Exercise instructions — Pull out of the data below the stretch of lines bounded by the one containing "by (rule Xi_c_dx)" and the one containing "Xi x = Xi x", both bounds included, unchanged.

Collected data

text \<open>The continuous case: \<open>\<Xi> = exp(-x S - \<i> t S\<^sup>2)\<close> is a flow in \<open>x\<close> and in \<open>t\<close>.\<close>
theorem continuous_case:
  fixes S K :: "complex^'n^'n" and U :: "complex^'n^'m" and V :: "complex^'m^'n" and x t :: real
  assumes eps: "\<epsilon> * \<epsilon> = 1" and sig: "\<sigma> * \<sigma> = 1"
    and Sy: "S ** K + K ** mconj S = V ** U" and ok: "inv_ok \<epsilon> K (Xi_c S x t)"
  defines "q \<equiv> \<lambda>x t. qsol \<sigma> \<epsilon> U V K (Xi_c S x t)" and "p \<equiv> \<lambda>x t. psol \<epsilon> U V K (Xi_c S x t)"
  shows "\<exists>Qx qxx qt px.
        (\<forall>\<^sub>F y in nhds x. ((\<lambda>z. q z t) has_vector_derivative Qx y) (at y))
      \<and> (Qx has_vector_derivative qxx) (at x)
      \<and> ((\<lambda>s. q x s) has_vector_derivative qt) (at t)
      \<and> ((\<lambda>y. p y t) has_vector_derivative px) (at x)
      \<and> csc \<i> qt + qxx - (2 * \<epsilon>) *\<^sub>R (q x t ** mconj (q x t) ** q x t) = 0
      \<and> px = - \<epsilon> *\<^sub>R (q x t ** mconj (q x t))"
proof -
  define Xi where "Xi = (\<lambda>y. Xi_c S y t)"
  have dX: "(Xi has_vector_derivative (- S) ** Xi y) (at y)" for y unfolding Xi_def by (rule Xi_c_dx)
  have iX: "invertible (Xi y)" for y unfolding Xi_def Xi_c_def by (rule invertible_mexp)
  have ok0: "inv_ok \<epsilon> K (Xi x)" and cm: "S ** Xi x = Xi x ** S"
    using ok Xi_c_commute by (simp_all add: Xi_def)
  have dqt: "((\<lambda>s. q x s) has_vector_derivative
      - (\<sigma> *\<^sub>R (U ** (qres \<epsilon> K (Xi x) ** (- csc \<i> (cont_D2 \<epsilon> S K (Xi x)) ** (qres \<epsilon> K (Xi x) ** mconj V)))))) (at t)"
    using has_vector_derivative_qsol[OF Xi_c_dt ok, of \<sigma> U V]
    unfolding qden_deriv_t[OF inv_ok_invertible(2)[OF ok]] by (simp add: q_def Xi_def)
  show ?thesis
    using cont_qx[OF dX iX ok0, of \<sigma> U V] cont_qxx[OF dX ok0, of \<sigma> U V] dqt
      cont_px[OF sig Sy dX iX cm ok0] continuous_equation[OF eps sig Sy cm ok0]
    unfolding q_def p_def Xi_def by (intro exI conjI) (assumption | rule refl)+
qed
(* The algebra $\mathcal{S}$ is a quasimodular algebra. More precisely, for every $n\ge1$ and all positive even integers $k_1,\dots,k_n$, $$\langle S_{k_1}S_{k_2}\cdots S_{k_n}\rangle_q=\sum_{\alpha\in\Pi(n)}\prod_{A\in\alpha}D^{|A|-1}G_{k_A-2|A|+2},\qquad k_A:=\sum_{a\in A}k_a .$$
   Context: Partitions $\lambda=(\lambda_1\ge\lambda_2\ge\dots)$, $|\lambda|=\sum\lambda_i$, $\mathscr{P}$ the set of all partitions. For $f:\mathscr{P}\to\mathbb{Q}$, $\langle f\rangle_q=\frac{\sum_\lambda f(\lambda)q^{|\lambda|}}{\sum_\lambda q^{|\lambda|}}\in\mathbb{Q}[[q]]$. For even $k\ge2$, $S_k(\lambda)=-\frac{B_k}{2k}+\sum_i\lambda_i^{k-1}$ ($B_k$ Bernoulli numbers), and $\mathcal{S}$ is the algebra generated by these under the pointwise product, graded by giving $S_{k_1}\cdots S_{k_n}$ weight $\sum k_i$. A quasimodular algebra is a graded space of functions $\mathscr{P}\to\mathbb{Q}$ such that the $q$-bracket of every homogeneous element of weight $k$ is a quasimodular form of weight $k$ for $\mathrm{SL}_2(\mathbb{Z})$. $G_k=-\frac{B_k}{2k}+\sum_{m,r\ge1}m^{k-1}q^{mr}$ ($k\ge2$ even) are Eisenstein series and $D=q\frac{d}{dq}$. $\Pi(n)$ is the set of set partitions of $\{1,\dots,n\}$ (each $\alpha\in\Pi(n)$ is a set of disjoint nonempty blocks $A$ with union $\{1,\dots,n\}$). *)

theory Defs
  imports "HOL-Library.Multiset" "HOL-Library.Disjoint_Sets"
          "HOL-Computational_Algebra.Formal_Power_Series"
begin

text \<open>Bernoulli numbers (convention B_1 = -1/2; only even indices are used):
  B_0 = 1 and sum_{j<=n} C(n+1,j) B_j = 0 for n >= 1.\<close>
fun bernoulli :: "nat \<Rightarrow> rat" where
  "bernoulli n = (if n = 0 then 1 else
     - (\<Sum>j<n. of_nat ((n + 1) choose j) * bernoulli j) / of_nat (n + 1))"

definition int_partitions :: "nat \<Rightarrow> nat multiset set" where
  "int_partitions m = {M. (\<forall>x\<in>#M. 0 < x) \<and> sum_mset M = m}"

definition qbracket :: "(nat multiset \<Rightarrow> rat) \<Rightarrow> rat fps" where
  "qbracket f =
     Abs_fps (\<lambda>m. \<Sum>M\<in>int_partitions m. f M) /
     Abs_fps (\<lambda>m. of_nat (card (int_partitions m)))"

definition S_fun :: "nat \<Rightarrow> nat multiset \<Rightarrow> rat" where
  "S_fun k M = - bernoulli k / (2 * of_nat k) +
               of_nat (sum_mset (image_mset (\<lambda>x. x ^ (k - 1)) M))"

definition eisenstein :: "nat \<Rightarrow> rat fps" where
  "eisenstein k = Abs_fps (\<lambda>n. if n = 0 then - bernoulli k / (2 * of_nat k)
                                else of_nat (\<Sum>d | d dvd n. d ^ (k - 1)))"

definition qD :: "rat fps \<Rightarrow> rat fps" where
  "qD f = fps_X * fps_deriv f"

end

theory Submission
  imports Defs
begin

text \<open>
  Let F_I be the numerator of the q-bracket of the product of the S_(k i) over i in I; the empty
  product gives the partition generating function F_{}. With r_m(lambda) the number of parts of
  lambda equal to m, S_k(lambda) = -B_k/(2k) + sum_m r_m(lambda) m^(k-1), and weighting a partition
  by r_m(lambda) amounts to summing over partitions mu of |lambda| - j m with j >= 1 extra parts m.
  As S_k(mu + j parts m) = S_k(mu) + j m^(k-1), expanding the remaining product according to the
  set B of indices that pick the second summand yields
    F_(insert x J) = sum over B subset J of D^|B| G_(k_x + k_B - 2|B|) * F_(J - B),
  since the sum of j^|B| m^((k_x - 1) + sum_B (k_i - 1)) over m j = t is the t-th coefficient of
  D^|B| G_(k_x + k_B - 2|B|), whose constant term survives only for B = {}. Unfolding this
  recursion along the block containing x gives F_I = F_{} times the sum over set partitions.
\<close>

unbundle fps_syntax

Answer —
  have dX: "(Xi has_vector_derivative (- S) ** Xi y) (at y)" for y unfolding Xi_def by (rule Xi_c_dx)
  have iX: "invertible (Xi y)" for y unfolding Xi_def Xi_c_def by (rule invertible_mexp)
  have ok0: "inv_ok \<epsilon> K (Xi x)" and cm: "S ** Xi x = Xi x ** S"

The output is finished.